Prompt: When you write out the entries, keep every line exactly as it appears.
--
lemma prob_Pi_pmf_count_deviation:
  assumes "finite A" "A \<noteq> {}" "0 < k" "0 \<le> t"
  shows "measure_pmf.prob (Pi_pmf {..<k} d (\<lambda>_. pmf_of_set A))
           {g. t \<le> \<bar>(\<Sum>i<k. indicator B (g i)) - real k * real (card (A \<inter> B)) / real (card A)\<bar>}
         \<le> 2 * exp (-2 * t\<^sup>2 / real k)"
proof -
  let ?P = "Pi_pmf {..<k} d (\<lambda>_. pmf_of_set A)"
  let ?X = "\<lambda>i g. indicator B (g i) :: real"
  have mean: "measure_pmf.expectation ?P (?X i) = real (card (A \<inter> B)) / real (card A)"
    if "i < k" for i
  proof -
    have "measure_pmf.expectation ?P (?X i) =
            measure_pmf.expectation (map_pmf (\<lambda>g. g i) ?P) (indicator B)"
      by (simp only: integral_map_pmf)
    also have "map_pmf (\<lambda>g. g i) ?P = pmf_of_set A"
      using that by (simp add: Pi_pmf_component)
    also have "measure_pmf.expectation (pmf_of_set A) (indicator B) =
                 real (card (A \<inter> B)) / real (card A)"
      using assms by (simp add: measure_pmf_of_set)
    finally show ?thesis .
  qed
  interpret Hoeffding_ineq "measure_pmf ?P" "{..<k}" ?X "\<lambda>_. 0" "\<lambda>_. 1"
    "\<Sum>i<k. measure_pmf.expectation ?P (?X i)"
  proof unfold_locales
    show "prob_space.indep_vars (measure_pmf ?P) (\<lambda>_. borel) ?X {..<k}"
      by (intro prob_space.indep_vars_compose2[OF _ indep_vars_Pi_pmf])
         (auto simp: measure_pmf.prob_space_axioms)
  qed auto
  have "measure_pmf.prob ?P {g \<in> space ?P. t \<le> \<bar>(\<Sum>i<k. ?X i g) -
          (\<Sum>i<k. measure_pmf.expectation ?P (?X i))\<bar>}
        \<le> 2 * exp (-2 * t\<^sup>2 / (\<Sum>i<k. (1 - 0)\<^sup>2))"
    using assms by (intro Hoeffding_ineq_abs_ge) auto
  then show ?thesis using mean by simp
qed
--
Response to the exercise:
lemma prob_Pi_pmf_count_deviation:
  assumes "finite A" "A \<noteq> {}" "0 < k" "0 \<le> t"
  shows "measure_pmf.prob (Pi_pmf {..<k} d (\<lambda>_. pmf_of_set A))
           {g. t \<le> \<bar>(\<Sum>i<k. indicator B (g i)) - real k * real (card (A \<inter> B)) / real (card A)\<bar>}
         \<le> 2 * exp (-2 * t\<^sup>2 / real k)"
proof -
  let ?P = "Pi_pmf {..<k} d (\<lambda>_. pmf_of_set A)"
  let ?X = "\<lambda>i g. indicator B (g i) :: real"
  have mean: "measure_pmf.expectation ?P (?X i) = real (card (A \<inter> B)) / real (card A)"
    if "i < k" for i
  proof -
    have "measure_pmf.expectation ?P (?X i) =
            measure_pmf.expectation (map_pmf (\<lambda>g. g i) ?P) (indicator B)"
      by (simp only: integral_map_pmf)
    also have "map_pmf (\<lambda>g. g i) ?P = pmf_of_set A"
      using that by (simp add: Pi_pmf_component)
    also have "measure_pmf.expectation (pmf_of_set A) (indicator B) =
                 real (card (A \<inter> B)) / real (card A)"
      using assms by (simp add: measure_pmf_of_set)
    finally show ?thesis .
  qed
  interpret Hoeffding_ineq "measure_pmf ?P" "{..<k}" ?X "\<lambda>_. 0" "\<lambda>_. 1"
    "\<Sum>i<k. measure_pmf.expectation ?P (?X i)"
  proof unfold_locales
    show "prob_space.indep_vars (measure_pmf ?P) (\<lambda>_. borel) ?X {..<k}"
      by (intro prob_space.indep_vars_compose2[OF _ indep_vars_Pi_pmf])
         (auto simp: measure_pmf.prob_space_axioms)
  qed auto
  have "measure_pmf.prob ?P {g \<in> space ?P. t \<le> \<bar>(\<Sum>i<k. ?X i g) -
          (\<Sum>i<k. measure_pmf.expectation ?P (?X i))\<bar>}
        \<le> 2 * exp (-2 * t\<^sup>2 / (\<Sum>i<k. (1 - 0)\<^sup>2))"
    using assms by (intro Hoeffding_ineq_abs_ge) auto
  then show ?thesis using mean by simp
qed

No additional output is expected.